"""

lemma sum_gdist_diff_path:
  "(\<Sum>v\<in>(!) p ` {1..length p - 1}.
      int (gdist V E (p ! (length p - 2)) v) - int (gdist V E (p ! 1) v))
    = 2 - int (length p - 1)"
proof -
  define h where "h v = int (gdist V E (p ! (length p - 2)) v) - int (gdist V E (p ! 1) v)" for v
  have "inj_on ((!) p) {1..length p - 1}"
    using path_walk(2) length_path by (auto simp: inj_on_def nth_eq_iff_index_eq)
  then have "(\<Sum>v\<in>(!) p ` {1..length p - 1}. h v) = (\<Sum>j\<in>{1..length p - 1}. h (p ! j))"
    by (simp add: sum.reindex)
  also have "\<dots> = h (p ! (length p - 1)) + (\<Sum>j\<in>{1..length p - 2}. h (p ! j))"
  proof -
    have "{1..length p - 1} = insert (length p - 1) {1..length p - 2}"
      and "length p - 1 \<notin> {1..length p - 2}" using length_path by auto
    then show ?thesis by simp
  qed
  also have "(\<Sum>j\<in>{1..length p - 2}. h (p ! j))
      = (\<Sum>j=1..length p - 2. int (length p - 1) - 2 * int j)"
    using gdist_diff_path_vertex length_path unfolding h_def by (intro sum.cong) auto
  also have "\<dots> = 0"
    using sum_centered_eq_0[of "length p - 2"] length_path
    by (simp add: Suc_diff_Suc numeral_2_eq_2)
  finally show ?thesis
    using gdist_diff_path_vertex[of "length p - 1"] length_path unfolding h_def by simp
qed

lemma sum_gdist_diff_branches:
  "(\<Sum>v\<in>(\<Union>i\<in>{1..length p - 2}. branch_verts V E p i).
      int (gdist V E (p ! (length p - 2)) v) - int (gdist V E (p ! 1) v))
    = (\<Sum>i\<in>{1..length p - 2}. (int (length p - 1) - 2 * int i) * int (card (branch_verts V E p i)))"
proof -
  have "\<forall>i\<in>{1..length p - 2}. \<forall>j\<in>{1..length p - 2}. i \<noteq> j \<longrightarrow>
      branch_verts V E p i \<inter> branch_verts V E p j = {}"
  proof (intro ballI impI)
    fix i j assume "i \<in> {1..length p - 2}" "j \<in> {1..length p - 2}" "i \<noteq> j"
    then have "i < length p" "j < length p" using length_path by auto
    then show "branch_verts V E p i \<inter> branch_verts V E p j = {}"
      using \<open>i \<noteq> j\<close> branch_verts_disjoint[OF is_treeD(2,6)[OF tree] path_walk]
      by (metis Int_commute linorder_neqE_nat)
  qed
  moreover have "\<forall>i\<in>{1..length p - 2}. finite (branch_verts V E p i)"
    using is_treeD(1)[OF tree] by (auto simp: branch_verts_def)
  ultimately show ?thesis
    using gdist_diff_branch_vertex by (simp add: sum.UNION_disjoint mult.commute)
qed

lemma sum_gdist_diff:
  "(\<Sum>v\<in>V - {x}. int (gdist V E (p ! (length p - 2)) v) - int (gdist V E (p ! 1) v))
    = (\<Sum>i\<in>{1..length p - 2}. (int (length p - 1) - 2 * int i) * int (card (branch_verts V E p i)))
      - (int (length p - 1) - 2)"
proof -
  let ?P = "(!) p ` {1..length p - 1}" and ?B = "\<Union>i\<in>{1..length p - 2}. branch_verts V E p i"
  have "?B \<subseteq> V - set p" by (auto simp: branch_verts_def)
  then have "V - {x} = ?P \<union> ?B" and "?P \<inter> ?B = {}"
    unfolding path_vertices_but_first
    using branch_verts_cover walk_in_subset[OF path_walk(1)] x_in_path by blast+
  moreover have "finite ?B" using \<open>?B \<subseteq> V - set p\<close> is_treeD(1)[OF tree] finite_subset by blast
  ultimately show ?thesis
    using sum_gdist_diff_path sum_gdist_diff_branches by (simp add: sum.union_disjoint)
qed

end

theorem mainTheorem10:
  fixes V :: "'a set" and E :: "'a \<Rightarrow> 'a \<Rightarrow> bool"
    and x y y' z :: 'a and p :: "'a list"
  assumes "is_tree V E"
    and "leaf V E x" and "leaf V E y" and "x \<noteq> y"
    and "\<not> E x y"
    and "is_path V E p x y"
    and "E y y'"
    and "z \<notin> V"
  shows "int (wiener (move_verts V x z) (move_edges E x y' z))
           - int (wiener V E)
         = (\<Sum>i\<in>{1..length p - 2}.
              (int (length p - 1) - 2 * int i) * int (card (branch_verts V E p i)))
           - (int (length p - 1) - 2)"
proof -
  have "y' \<in> V" using is_treeD(5)[OF assms(1) assms(7)] .
  moreover have "y' \<noteq> x" using assms(5,7) is_treeD(2)[OF assms(1)] by (auto dest: sympD)
  moreover have "y' = p ! (length p - 2)" using y_neighbour[OF assms(1-7)] .
  ultimately show ?thesis
    using wiener_move_leaf[OF assms(1,2) _ _ assms(8) path_first_edge[OF assms(1-6)]]
      sum_gdist_diff[OF assms(1-6)] by simp
qed

end
lemma sum_shift: "0 < (k::nat) \<Longrightarrow> (\<Sum>i<k. F ((i + g) mod k)) = (\<Sum>i<k. F i)"
  using sum.reindex_bij_betw[OF bij_betw_shift] by blast

lemma shift_shift: "(((x::nat) + h) mod k + g) mod k = (x + (g + h) mod k) mod k"
  by (metis add.assoc add.commute mod_add_left_eq mod_add_right_eq)

lemma rot_shift: "(i::nat) < k \<Longrightarrow> rot k g v ((i + g) mod k) = v i"
  unfolding rot_def using shift_unshift[of i k g] by simp

lemma rot_rot: "rot k g (rot k h c) = rot k ((g + h) mod k) c"
proof
  fix j
  show "rot k g (rot k h c) j = rot k ((g + h) mod k) c j"
  proof (cases "j < k")
    case False
    then show ?thesis by (simp add: rot_def)
  next
    case True
    then obtain i where i: "i < k" "j = (i + (g + h) mod k) mod k"
      using bij_betw_shift[of k "(g + h) mod k"] by (auto simp: bij_betw_def)
    have "rot k g (rot k h c) j = rot k g (rot k h c) (((i + h) mod k + g) mod k)"
      using i shift_shift[of i h k g] by simp
    also have "\<dots> = c i"
      using i by (simp add: rot_shift)
    also have "\<dots> = rot k ((g + h) mod k) c j"
      using i by (simp add: rot_shift)
    finally show ?thesis .
  qed
qed

lemma rot_add: "rot k g (\<lambda>i. b i + v i) = (\<lambda>i. rot k g b i + rot k g v i)"
  by (auto simp: rot_def)

lemma rot_zero: "rot k g (\<lambda>_. 0) = (\<lambda>_. 0)"
  by (auto simp: rot_def)

lemma rot_0: "(\<forall>i\<ge>k. b i = 0) \<Longrightarrow> rot k 0 b = b"
  unfolding rot_def by auto

lemma sum_sum_shift:
  assumes k: "0 < (k::nat)"
  shows "(\<Sum>i<k. \<Sum>j<k. F ((i + g) mod k) ((j + h) mod k)) = (\<Sum>i<k. \<Sum>j<k. F i j)"
proof -
  have "(\<Sum>i<k. \<Sum>j<k. F ((i + g) mod k) ((j + h) mod k)) = (\<Sum>i<k. \<Sum>j<k. F ((i + g) mod k) j)"
    by (rule sum.cong[OF refl]) (rule sum_shift[OF k])
  also have "\<dots> = (\<Sum>i<k. \<Sum>j<k. F i j)"
    by (rule sum_shift[OF k])
  finally show ?thesis .
qed
lemma good_seq_map_upt_iff:
  assumes "0 < M" and "2 * n \<le> M"
  shows "good_seq (int n - 1) k2 (int M) (map K [1..<M]) \<longleftrightarrow> good_kunz_coords M n k2 K"
proof -
  define xs where "xs = map K [1..<M]"
  have len: "{1..length xs} = {1..<M}" and nth: "\<And>i. i \<in> {1..<M} \<Longrightarrow> xs ! (i - 1) = K i"
    by (auto simp: xs_def)
  have length: "int (length xs) = int M - 1" using assms(1) by (simp add: xs_def)
  have range: "(\<forall>i\<in>{1..length xs}. xs ! (i - 1) \<in> {1, 2, 3}) \<longleftrightarrow> (\<forall>i\<in>{1..<M}. K i \<in> {1, 2, 3})"
    unfolding len using nth by auto
  have twos: "(\<forall>i\<in>{1..length xs}. int i \<ge> 2 * (int n - 1) \<longrightarrow> xs ! (i - 1) \<in> {1, 2})
      \<longleftrightarrow> (\<forall>i\<in>{1..<M}. 2 * n \<le> i + 2 \<longrightarrow> K i \<in> {1, 2})"
    unfolding len using nth by auto
  have high_twos: "{i \<in> {1..length xs}. 2 * (int n - 1) + 2 \<le> int i \<and> int i \<le> int M - 1
      \<and> xs ! (i - 1) = 2} = {i\<in>{1..<M}. 2 * n \<le> i \<and> K i = 2}"
    unfolding len using nth by auto
  have "nat (2 * (int n - 1) + 1) = 2 * n - 1" by simp
  then have xbar: "take (nat (2 * (int n - 1) + 1)) xs = map K [1..<2 * n]"
    using assms(2) by (cases n) (simp_all add: xs_def take_map)
  have "2 * n \<le> length xs + 1" using assms by (simp add: xs_def)
  moreover have "\<And>i. i \<in> {1..length xs} \<Longrightarrow> xs ! (i - 1) = K i" using nth unfolding len .
  ultimately have no_113: "(\<forall>i1\<in>{1..length xs}. \<forall>i2\<in>{1..length xs}. \<forall>i3\<in>{1..length xs}.
        int i1 \<le> 2 * (int n - 1) + 1 \<and> int i2 \<le> 2 * (int n - 1) + 1
        \<and> int i3 \<le> 2 * (int n - 1) + 1 \<and> i1 + i2 = i3
        \<longrightarrow> (xs ! (i1 - 1), xs ! (i2 - 1), xs ! (i3 - 1)) \<noteq> (1, 1, 3))
    \<longleftrightarrow> (\<forall>i\<in>{1..<2 * n}. K i = 3 \<longrightarrow> \<not> splits_into_ones K i)"
    by (rule no_113_iff_threes_not_split)
  show ?thesis
    unfolding good_seq_def good_kunz_coords_def Let_def xs_def[symmetric]
      range twos no_113 high_twos xbar cnt_a_map_upt cnt_b_map_upt cnt_c_map_upt
    using length by simp
qed

lemma good_seq_length: "good_seq k1 k2 (int M) xs \<Longrightarrow> length xs = M - 1"
  unfolding good_seq_def by linarith

lemma map_nth_upt_pred: "length xs = M - 1 \<Longrightarrow> map (\<lambda>r. xs ! (r - 1)) [1..<M] = xs"
  by (rule nth_equalityI) auto

lemma kunz_set_class_iff:
  assumes "0 < M" and pos: "\<forall>r\<in>{1..<M}. 0 < K r"
  shows "numerical_semigroup (kunz_set M K) \<and> int (multiplicity (kunz_set M K)) = int M
      \<and> int (genus (kunz_set M K)) = int M + (int n - 1)
      \<and> int (embedding_dimension (kunz_set M K)) = int (genus (kunz_set M K)) - k2
    \<longleftrightarrow> kunz_admissible M K \<and> (\<Sum>r\<in>{1..<M}. K r - 1) = n
      \<and> int (card {r\<in>{1..<M}. kunz_decomposable M K r}) = k2 - int n + 1"
proof -
  define e where "e = (\<Sum>r\<in>{1..<M}. K r - 1)"
  have "card {r\<in>{1..<M}. kunz_decomposable M K r} \<le> card {1..<M}" by (rule card_mono) auto
  then show ?thesis
    unfolding numerical_semigroup_kunz_set_iff[OF assms(1)] genus_kunz_set_excess[OF assms]
      embedding_dimension_kunz_set[OF assms] pos[THEN multiplicity_kunz_set_iff[OF assms(1), THEN iffD2]]
      e_def[symmetric]
    using assms(1) by auto
qed

lemma kunz_set_class_iff_good_seq:
  assumes "2 * n \<le> M"
  shows "numerical_semigroup (kunz_set M K) \<and> int (multiplicity (kunz_set M K)) = int M
      \<and> int (genus (kunz_set M K)) = int M + (int n - 1)
      \<and> int (embedding_dimension (kunz_set M K)) = int (genus (kunz_set M K)) - k2
    \<longleftrightarrow> good_seq (int n - 1) k2 (int M) (map K [1..<M])"
proof (cases "M = 0")
  case True
  then have "\<not> good_seq (int n - 1) k2 (int M) (map K [1..<M])" unfolding good_seq_def by simp
  moreover have "\<not> (numerical_semigroup (kunz_set M K) \<and> multiplicity (kunz_set M K) = M)"
    using multiplicity_mem(2)[of "kunz_set M K"] True by auto
  ultimately show ?thesis by (simp only: of_nat_eq_iff) blast
next
  case False
  then have "0 < M" by simp
  show ?thesis
  proof (cases "\<forall>r\<in>{1..<M}. 0 < K r")
    case False
    then obtain r where "r \<in> {1..<M}" "K r = 0" by auto
    then have "\<not> good_kunz_coords M n k2 K" unfolding good_kunz_coords_def by fastforce
    moreover have "multiplicity (kunz_set M K) \<noteq> M"
      using multiplicity_kunz_set_iff[OF \<open>0 < M\<close>] False by blast
    ultimately show ?thesis using good_seq_map_upt_iff[OF \<open>0 < M\<close> assms] by simp
  next
    case pos: True
    have "kunz_admissible M K \<and> (\<Sum>r\<in>{1..<M}. K r - 1) = n \<longleftrightarrow> kunz_low_genus M n K"
      using pos assms unfolding kunz_low_genus_def by blast
    then show ?thesis
      unfolding kunz_set_class_iff[OF \<open>0 < M\<close> pos] good_seq_map_upt_iff[OF \<open>0 < M\<close> assms]
      using kunz_low_genus.good_kunz_coords_iff kunz_low_genus_if_good_kunz_coords[OF assms]
      by blast
  qed
qed

lemma bij_betw_kunz_coords:
  assumes semigroup: "\<And>S. P S \<Longrightarrow> numerical_semigroup S \<and> multiplicity S = M"
    and seq_length: "\<And>xs. Q xs \<Longrightarrow> length xs = M - 1"
    and coords: "\<And>K. P (kunz_set M K) \<longleftrightarrow> Q (map K [1..<M])"
  shows "bij_betw (\<lambda>S. map (kunz_coord M S) [1..<M]) {S. P S} {xs. Q xs}"
proof (rule bij_betw_byWitness[where f' = "\<lambda>xs. kunz_set M (\<lambda>r. xs ! (r - 1))"])
  have kunz_set_coords: "kunz_set M (kunz_coord M S) = S" if "P S" for S
    using kunz_set_kunz_coord multiplicity_mem semigroup[OF that] by auto
  show "\<forall>S\<in>{S. P S}. kunz_set M (\<lambda>r. map (kunz_coord M S) [1..<M] ! (r - 1)) = S"
  proof
    fix S assume "S \<in> {S. P S}"
    moreover have "0 < M" using semigroup multiplicity_mem(2) \<open>S \<in> {S. P S}\<close> by fastforce
    then have "kunz_set M (\<lambda>r. map (kunz_coord M S) [1..<M] ! (r - 1)) =
        kunz_set M (kunz_coord M S)"
      by (intro kunz_set_cong) auto
    ultimately show "kunz_set M (\<lambda>r. map (kunz_coord M S) [1..<M] ! (r - 1)) = S"
      using kunz_set_coords by simp
  qed
  show "\<forall>xs\<in>{xs. Q xs}. map (kunz_coord M (kunz_set M (\<lambda>r. xs ! (r - 1)))) [1..<M] = xs"
  proof
    fix xs assume "xs \<in> {xs. Q xs}"
    have "map (kunz_coord M (kunz_set M (\<lambda>r. xs ! (r - 1)))) [1..<M] =
        map (\<lambda>r. xs ! (r - 1)) [1..<M]"
      by (rule map_cong) (auto simp: kunz_coord_kunz_set)
    also have "\<dots> = xs" by (rule map_nth_upt_pred) (use seq_length \<open>xs \<in> {xs. Q xs}\<close> in simp)
    finally show "map (kunz_coord M (kunz_set M (\<lambda>r. xs ! (r - 1)))) [1..<M] = xs" .
  qed
  show "(\<lambda>S. map (kunz_coord M S) [1..<M]) ` {S. P S} \<subseteq> {xs. Q xs}"
    using coords kunz_set_coords by force
  show "(\<lambda>xs. kunz_set M (\<lambda>r. xs ! (r - 1))) ` {xs. Q xs} \<subseteq> {S. P S}"
    using coords seq_length map_nth_upt_pred by force
qed

theorem theorem8p5:
  fixes k1 k2 m :: int
  assumes "-1 \<le> k1" and "k1 \<le> k2" and "m \<ge> 2 * k1 + 2"
  shows "\<exists>f. bij_betw f
           {S. numerical_semigroup S \<and> int (multiplicity S) = m \<and> int (genus S) = m + k1
               \<and> int (embedding_dimension S) = int (genus S) - k2}
           {xs. good_seq k1 k2 m xs}"
proof -
  define M n where "M = nat m" and "n = nat (k1 + 1)"
  have m: "m = int M" and k1: "k1 = int n - 1" and "2 * n \<le> M"
    using assms by (auto simp: M_def n_def)
  let ?class = "\<lambda>S. numerical_semigroup S \<and> int (multiplicity S) = int M
    \<and> int (genus S) = int M + (int n - 1) \<and> int (embedding_dimension S) = int (genus S) - k2"
  let ?good = "good_seq (int n - 1) k2 (int M)"
  have "bij_betw (\<lambda>S. map (kunz_coord M S) [1..<M]) {S. ?class S} {xs. ?good xs}"
  proof (rule bij_betw_kunz_coords)
    show "?class S \<Longrightarrow> numerical_semigroup S \<and> multiplicity S = M" for S by simp
    show "?good xs \<Longrightarrow> length xs = M - 1" for xs by (rule good_seq_length)
    show "?class (kunz_set M K) \<longleftrightarrow> ?good (map K [1..<M])" for K
      by (rule kunz_set_class_iff_good_seq[OF \<open>2 * n \<le> M\<close>])
  qed
  then show ?thesis unfolding m k1 by blast
qed

end
(* Let $k\ge 1$ and let $F$ be a partially colored forest. If Alice can win the $k$-Modified Coloring Game on $\mathcal{R}(F)$, then she can win the $k$-coloring game on $F$.
   Context: All graphs are finite. A partial coloring of a graph assigns to some vertices colors from a fixed set $C$ of $k$ colors so that adjacent colored vertices receive different colors. A color $\alpha\in C$ is legal for an uncolored vertex $v$ if no neighbor of $v$ is colored $\alpha$. The $k$-coloring game on a (partially colored) graph $G$: Alice and Bob alternate turns, Alice first, each turn coloring an uncolored vertex with a legal color from $C$. If at any point some uncolored vertex has no legal color, Bob wins; if every vertex becomes colored, Alice wins. The $k$-Modified Coloring Game ($k$-MCG) is the same except that Bob plays first and Bob may choose to pass on any turn. For a partially colored forest $F$, a trunk of $F$ is a maximal connected subgraph $R$ of $F$ such that every colored vertex of $R$ is a leaf of $R$ (so each uncolored vertex lies in exactly one trunk, and a colored vertex of degree $d$ lies in exactly $d$ trunks). $\mathcal{R}(F)$ denotes the partially colored forest that is the disjoint union of all trunks of $F$ (a colored vertex lying in several trunks appears as a separate copy, with its color, in each of them). *)

theory Defs
  imports Main
begin

text \<open>A partial coloring is c :: 'v => nat option; None means
uncolored. The color set C of k colors is {0..<k}.\<close>

definition simple_graph :: "'v set \<Rightarrow> ('v \<Rightarrow> 'v \<Rightarrow> bool) \<Rightarrow> bool" where
  "simple_graph V E \<longleftrightarrow> finite V \<and> (\<forall>u v. E u v \<longrightarrow> u \<in> V \<and> v \<in> V)
     \<and> (\<forall>u v. E u v \<longrightarrow> E v u) \<and> (\<forall>v. \<not> E v v)"

definition forest :: "'v set \<Rightarrow> ('v \<Rightarrow> 'v \<Rightarrow> bool) \<Rightarrow> bool" where
  "forest V E \<longleftrightarrow> simple_graph V E \<and>
     \<not> (\<exists>xs. length xs \<ge> 3 \<and> distinct xs \<and> set xs \<subseteq> V
          \<and> (\<forall>i. Suc i < length xs \<longrightarrow> E (xs ! i) (xs ! Suc i)) \<and> E (last xs) (hd xs))"
(* In the i.i.d. setting, consider Algorithm $\varepsilon$-Greedy-LCBT and let $a_n=\lceil\sqrt{n\ell_n}\rceil$. Let $\mathcal{E}_1$ be the event that $$|x^\top(\hat\theta_i-\theta)|\le\xi_i(x)\quad\text{for all }x\in\mathbb{R}^d\text{ and all }i\in\{a_n+1,\dots,n\}.$$ Let $g:=\sqrt{L\|V_{a_n}^{-1}\|_2}\,\big(\sigma\sqrt{d\log(n+n^2L/(d\beta))}+\sqrt{S\beta}\big)$. Let $\alpha^*$ satisfy $\mathbb{P}_{z\sim\mathcal{D}_x}(z^\top\theta\le\alpha^* )=1-\frac1n$. Then on $\mathcal{E}_1$, for every $i>a_n$ and every realization of $(\hat\theta_i,V_i,\mathcal{I}_i)$, $$\alpha^*-2g\le\alpha_i\le\alpha^*.$$
   Context: Setting. Fix a horizon $n$ and dimension $d$. There is an unknown parameter $\theta\in\mathbb{R}^d$ with $\|\theta\|_2^2\le S$. For each $i\in[n]$ a feature vector $x_i\in\mathbb{R}^d$ is drawn independently from a distribution $\mathcal{D}_{x,i}$. Almost surely $\|x_i\|_2^2\le L$. The reward is $X_i=x_i^\top\theta\ge 0$. The noises $\eta_1,\dots,\eta_n$ are i.i.d. $\sigma$-sub-Gaussian and independent of the features, and $y_i=X_i+\eta_i$. i.i.d. setting: $\mathcal{D}_{x,i}=\mathcal{D}_x$ for all $i$. Quantities of Algorithm $\varepsilon$-Greedy-LCBT. Each stage $i$ is independently an exploration stage with probability $\varepsilon$ (else a decision stage). $\mathcal{I}_i$ is the set of exploration stages among $1,\dots,i$, and $\beta>0$. - $V_i=\sum_{t\in\mathcal{I}_i}x_tx_t^\top+\beta I_d$ and $\hat\theta_i=V_i^{-1}\sum_{t\in\mathcal{I}_i}y_tx_t$. - $\xi_i(x)=\sqrt{x^\top V_i^{-1}x}\,\big(\sigma\sqrt{d\log(n+n|\mathcal{I}_i|L/(d\beta))}+\sqrt{S\beta}\big)$. - $\alpha_i$ satisfies $\mathbb{P}_{z\sim\mathcal{D}_x}(z^\top\hat\theta_i-\xi_i(z)\le\alpha_i\mid\hat\theta_i,V_i,\mathcal{I}_i)=1-\frac1n$. The relevant distributions are assumed continuous, so that these quantiles exist and are unique. *)

theory Defs
  imports "HOL-Analysis.Analysis" "HOL-Probability.Probability"
begin

definition expl_set :: "nat set \<Rightarrow> nat \<Rightarrow> nat set" where
  "expl_set I i = I \<inter> {1..i}"

definition outer :: "real^'d \<Rightarrow> real^'d^'d" where
  "outer v = (\<chi> j k. v $ j * v $ k)"

definition Vmat :: "real \<Rightarrow> (nat \<Rightarrow> real^'d) \<Rightarrow> nat set \<Rightarrow> nat \<Rightarrow> real^'d^'d" where
  "Vmat \<beta> x I i = (\<Sum>t\<in>expl_set I i. outer (x t)) + \<beta> *\<^sub>R mat 1"

definition theta_hat :: "real \<Rightarrow> (nat \<Rightarrow> real^'d) \<Rightarrow> (nat \<Rightarrow> real) \<Rightarrow> nat set \<Rightarrow> nat \<Rightarrow> real^'d" where
  "theta_hat \<beta> x y I i = matrix_inv (Vmat \<beta> x I i) *v (\<Sum>t\<in>expl_set I i. y t *\<^sub>R x t)"

definition xi :: "nat \<Rightarrow> real \<Rightarrow> real \<Rightarrow> real \<Rightarrow> real \<Rightarrow> (nat \<Rightarrow> real^'d) \<Rightarrow> nat set \<Rightarrow> nat \<Rightarrow> real^'d \<Rightarrow> real" where
  "xi n \<sigma> S L \<beta> x I i z =
     sqrt (z \<bullet> (matrix_inv (Vmat \<beta> x I i) *v z)) *
     (\<sigma> * sqrt (real CARD('d) * ln (real n + real n * real (card (expl_set I i)) * L / (real CARD('d) * \<beta>)))
      + sqrt (S * \<beta>))"

end

theory Submission
  imports Defs
begin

"""

* _How to complete this task_
Could you repeat exactly the lines above from the line with "xs \<subseteq> V" up to and including the line with "(* In the i.i.d.", and only those?

* _Your solution_
     \<not> (\<exists>xs. length xs \<ge> 3 \<and> distinct xs \<and> set xs \<subseteq> V
          \<and> (\<forall>i. Suc i < length xs \<longrightarrow> E (xs ! i) (xs ! Suc i)) \<and> E (last xs) (hd xs))"
(* In the i.i.d. setting, consider Algorithm $\varepsilon$-Greedy-LCBT and let $a_n=\lceil\sqrt{n\ell_n}\rceil$. Let $\mathcal{E}_1$ be the event that $$|x^\top(\hat\theta_i-\theta)|\le\xi_i(x)\quad\text{for all }x\in\mathbb{R}^d\text{ and all }i\in\{a_n+1,\dots,n\}.$$ Let $g:=\sqrt{L\|V_{a_n}^{-1}\|_2}\,\big(\sigma\sqrt{d\log(n+n^2L/(d\beta))}+\sqrt{S\beta}\big)$. Let $\alpha^*$ satisfy $\mathbb{P}_{z\sim\mathcal{D}_x}(z^\top\theta\le\alpha^* )=1-\frac1n$. Then on $\mathcal{E}_1$, for every $i>a_n$ and every realization of $(\hat\theta_i,V_i,\mathcal{I}_i)$, $$\alpha^*-2g\le\alpha_i\le\alpha^*.$$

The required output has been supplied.